text \<open>
  The root in \<open>(b, c)\<close> splits off a monic quadratic factor that is negative at 0, hence has a
  positive and a negative root; the sign of \<open>p\<close> at \<open>a\<close> puts the negative one below \<open>a\<close>.
\<close>

lemma monic_cubic_factor_by_signs:
  fixes a b c c0 c1 c2 :: real
  defines "p \<equiv> [:c0, c1, c2, 1:]"
  assumes "a < b" and "b < c" and "c \<le> 0"
    and "0 < poly p a" and "0 < poly p b" and "poly p c < 0" and "poly p 0 < 0"
  shows "\<exists>r1 r2 r3. p = [:-r1, 1:] * [:-r2, 1:] * [:-r3, 1:] \<and>
           0 < r1 \<and> b < r2 \<and> r2 < c \<and> r3 < a"
proof -
  obtain r2 where r2: "b < r2" "r2 < c" "poly p r2 = 0"
    using poly_IVT_neg[of b c p] assms by auto
  define b1 where "b1 = c2 + r2"
  define b0 where "b0 = c1 + r2 * b1"
  have c0: "c0 = - r2 * b0"
    using r2(3) unfolding p_def b0_def b1_def by (simp add: algebra_simps)
  have p_factor: "p = [:-r2, 1:] * [:b0, b1, 1:]"
    unfolding p_def by (simp add: c0 b0_def b1_def algebra_simps)
  have "0 < r2 * b0" using \<open>poly p 0 < 0\<close> c0 unfolding p_def by simp
  then have "b0 < 0" using r2 assms(4) by (auto simp: zero_less_mult_iff)
  then obtain r1 r3 where q: "[:b0, b1, 1:] = [:-r1, 1:] * [:-r3, 1:]" and "0 < r1" "r3 < 0"
    using monic_quadratic_factor_neg_const by blast
  have "poly p a = (a - r2) * ((a - r1) * (a - r3))"
    unfolding p_factor q by (simp add: algebra_simps)
  moreover have "a - r2 < 0" and "a - r1 < 0"
    using r2 \<open>0 < r1\<close> assms(2-4) by auto
  ultimately have "r3 < a"
    using \<open>0 < poly p a\<close> by (auto simp: zero_less_mult_iff mult_less_0_iff)
  moreover have "p = [:-r1, 1:] * [:-r2, 1:] * [:-r3, 1:]"
    unfolding p_factor q by (simp only: mult.left_commute mult.assoc)
  ultimately show ?thesis using r2 \<open>0 < r1\<close> by blast
qed

lemma Khn_cubic_roots:
  assumes "3 \<le> h" and "h < n"
  shows "\<exists>r1 r2 r3. Khn_cubic n h = [:-r1, 1:] * [:-r2, 1:] * [:-r3, 1:] \<and>
           0 < r1 \<and> -1 < r2 \<and> r2 < -1/2 \<and> r3 < -2"
proof -
  have h: "3 \<le> real h" "real h + 1 \<le> real n" using assms by auto
  have "poly (Khn_cubic n h) (-2) = 3 * (real n - real h) * (real h - 2)"
    by (simp add: Khn_cubic_def algebra_simps power2_eq_square)
  then have at_minus_2: "0 < poly (Khn_cubic n h) (-2)" using h by simp
  have "poly (Khn_cubic n h) (-1) = (real n - real h) * (real h - 1)"
    by (simp add: Khn_cubic_def algebra_simps power2_eq_square)
  then have at_minus_1: "0 < poly (Khn_cubic n h) (-1)" using h by simp
  have "poly (Khn_cubic n h) (-1/2) = 3/8 - 3 * real h / 4"
    by (simp add: Khn_cubic_def algebra_simps power2_eq_square)
  then have at_minus_half: "poly (Khn_cubic n h) (-1/2) < 0" using h by simp
  have "poly (Khn_cubic n h) 0 = - real h * (real n - real h) - 2 * real h + 2"
    by (simp add: Khn_cubic_def algebra_simps power2_eq_square)
  moreover have "0 \<le> real h * (real n - real h)" using h by simp
  ultimately have at_0: "poly (Khn_cubic n h) 0 < 0" using h by linarith
  obtain c0 c1 c2 where cubic: "Khn_cubic n h = [:c0, c1, c2, 1:]"
    unfolding Khn_cubic_def by blast
  show ?thesis
    by (rule monic_cubic_factor_by_signs[of "-2" "-1" "-1/2" c0 c1 c2, folded cubic,
          OF _ _ _ at_minus_2 at_minus_1 at_minus_half at_0]) simp_all
qed

section \<open>The spectrum\<close>

lemma order_prod_linear_factors:
  fixes a :: "'a :: idom"
  shows "order a (\<Prod>l\<leftarrow>xs. [:-l, 1:]) = count (mset xs) a"
proof (induction xs)
  case Nil
  then show ?case by (simp add: order_0I)
next
  case (Cons l xs)
  have nonzero: "(\<Prod>l\<leftarrow>xs. [:-l, 1:]) \<noteq> 0" by (auto simp: prod_list_zero_iff)
  have "order a ([:-l, 1:] * (\<Prod>l\<leftarrow>xs. [:-l, 1:])) =
      order a [:-l, 1:] + order a (\<Prod>l\<leftarrow>xs. [:-l, 1:])"
    by (rule order_mult, rule no_zero_divisors[OF _ nonzero]) simp
  moreover have "order a [:-l, 1:] = (if a = l then 1 else 0)"
    using order_power_n_n[of l 1] by (auto intro: order_0I)
  ultimately show ?case using Cons by simp
qed

lemma sorted_linear_factors_unique:
  fixes xs ys :: "'a :: linordered_idom list"
  assumes "sorted_wrt (\<ge>) xs" and "sorted_wrt (\<ge>) ys"
    and "(\<Prod>l\<leftarrow>xs. [:-l, 1:]) = (\<Prod>l\<leftarrow>ys. [:-l, 1:])"
  shows "xs = ys"
proof -
  have "mset xs = mset ys"
    by (rule multiset_eqI) (metis assms(3) order_prod_linear_factors)
  moreover have "sorted (rev xs)" and "sorted (rev ys)"
    using assms(1,2) by (simp_all add: sorted_wrt_rev)
  ultimately have "rev xs = rev ys"
    by (metis mset_rev properties_for_sort)
  then show ?thesis by simp
qed

definition Khn_spectrum :: "nat \<Rightarrow> nat \<Rightarrow> real \<Rightarrow> real \<Rightarrow> real \<Rightarrow> real list" where
  "Khn_spectrum n h r1 r2 r3 = [r1, r2] @ replicate (h - 2) (-1) @ replicate (n - h - 1) (-2) @ [r3]"

lemma prod_Khn_spectrum:
  "(\<Prod>l\<leftarrow>Khn_spectrum n h r1 r2 r3. [:-l, 1:]) =
     [:1, 1:] ^ (h - 2) * [:2, 1:] ^ (n - h - 1) * ([:-r1, 1:] * [:-r2, 1:] * [:-r3, 1:])"
  unfolding Khn_spectrum_def
  by (simp only: map_append prod_list.append map_replicate prod_list_replicate list.map
      prod_list.Cons prod_list.Nil minus_minus append.simps mult_1_right ac_simps)

lemma sorted_Khn_spectrum:
  assumes "r2 \<le> r1" and "-1 \<le> r2" and "r3 \<le> -2"
  shows "sorted_wrt (\<ge>) (Khn_spectrum n h r1 r2 r3)"
proof -
  have "sorted_wrt (\<ge>) (replicate k a)" for k and a :: real
    by (induction k) auto
  then show ?thesis
    using assms by (auto simp: Khn_spectrum_def sorted_wrt_append)
qed

lemma nth_Khn_spectrum:
  fixes r1 r2 r3 :: real
  assumes "3 \<le> h" and "h < n"
  defines "L \<equiv> Khn_spectrum n h r1 r2 r3"
  shows "L ! 0 = r1" and "L ! 1 = r2" and "L ! 2 = -1"
    and "L ! (n - 2) \<in> {-1, -2}" and "L ! (n - 1) = r3"
proof -
  show "L ! 0 = r1" "L ! 1 = r2" "L ! 2 = -1"
    using assms(1) by (auto simp: L_def Khn_spectrum_def nth_append numeral_2_eq_2)
  have "length L = n" using assms by (simp add: L_def Khn_spectrum_def)
  moreover have "L \<noteq> []" by (simp add: L_def Khn_spectrum_def)
  ultimately have "L ! (n - 1) = last L" and "L ! (n - 2) = rev L ! 1"
    using assms(1,2) rev_nth[of 1 L] by (simp_all add: last_conv_nth numeral_2_eq_2)
  moreover have "rev L = r3 # replicate (n - h - 1) (-2) @ replicate (h - 2) (-1) @ [r2, r1]"
    by (simp add: L_def Khn_spectrum_def)
  ultimately show "L ! (n - 2) \<in> {-1, -2}" and "L ! (n - 1) = r3"
    using assms(1) by (cases "n - h - 1"; simp add: nth_append last_rev[symmetric])+
qed

theorem theorem2p5:
  fixes n h :: nat
  assumes "3 \<le> h" and "h \<le> n - 1"
  shows "dist_char_poly n (Khn_edge n h) =
           [:1, 1:] ^ (h - 2) * [:2, 1:] ^ (n - h - 1) *
           [: - real n * real h + (real h)^2 - 2 * real h + 2,
              5 - 2 * real h - 2 * real n * real h + 2 * (real h)^2 - real n,
              real h + 4 - 2 * real n,
              1 :] \<and>
         (\<forall>ls. is_dist_spectrum n (Khn_edge n h) ls \<longrightarrow>
           ls ! 0 > 0 \<and> -1 < ls ! 1 \<and> ls ! 1 < -1/2 \<and> ls ! 2 = -1 \<and>
           ls ! (n - 2) \<in> {-1, -2} \<and> ls ! (n - 1) < -2)"
proof -
  have h: "3 \<le> h" "h < n" using assms by auto
  note char_poly = dist_char_poly_Khn[OF h]
  obtain r1 r2 r3 where cubic: "Khn_cubic n h = [:-r1, 1:] * [:-r2, 1:] * [:-r3, 1:]"
    and roots: "0 < r1" "-1 < r2" "r2 < -1/2" "r3 < -2"
    using Khn_cubic_roots[OF h] by blast
  have "dist_char_poly n (Khn_edge n h) = (\<Prod>l\<leftarrow>Khn_spectrum n h r1 r2 r3. [:-l, 1:])"
    unfolding char_poly cubic prod_Khn_spectrum ..
  moreover have "sorted_wrt (\<ge>) (Khn_spectrum n h r1 r2 r3)"
    using roots by (intro sorted_Khn_spectrum) auto
  ultimately have spectrum: "ls = Khn_spectrum n h r1 r2 r3"
    if "is_dist_spectrum n (Khn_edge n h) ls" for ls
    using that sorted_linear_factors_unique unfolding is_dist_spectrum_def by metis
  show ?thesis
  proof (intro conjI[OF char_poly[unfolded Khn_cubic_def]] allI impI)
    fix ls assume "is_dist_spectrum n (Khn_edge n h) ls"
    then have "ls = Khn_spectrum n h r1 r2 r3" by (rule spectrum)
    with nth_Khn_spectrum[OF h, of r1 r2 r3] roots
    show "ls ! 0 > 0 \<and> -1 < ls ! 1 \<and> ls ! 1 < -1/2 \<and> ls ! 2 = -1 \<and>
          ls ! (n - 2) \<in> {-1, -2} \<and> ls ! (n - 1) < -2"
      by simp
  qed
qed

end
════
> [REQUIREMENT] The expected output is every line from the material above where "assumes" can be found.

> [ANSWER SECTION]
  assumes "a < b" and "b < c" and "c \<le> 0"
  assumes "3 \<le> h" and "h < n"
  assumes "sorted_wrt (\<ge>) xs" and "sorted_wrt (\<ge>) ys"
  assumes "r2 \<le> r1" and "-1 \<le> r2" and "r3 \<le> -2"
  assumes "3 \<le> h" and "h < n"
  assumes "3 \<le> h" and "h \<le> n - 1"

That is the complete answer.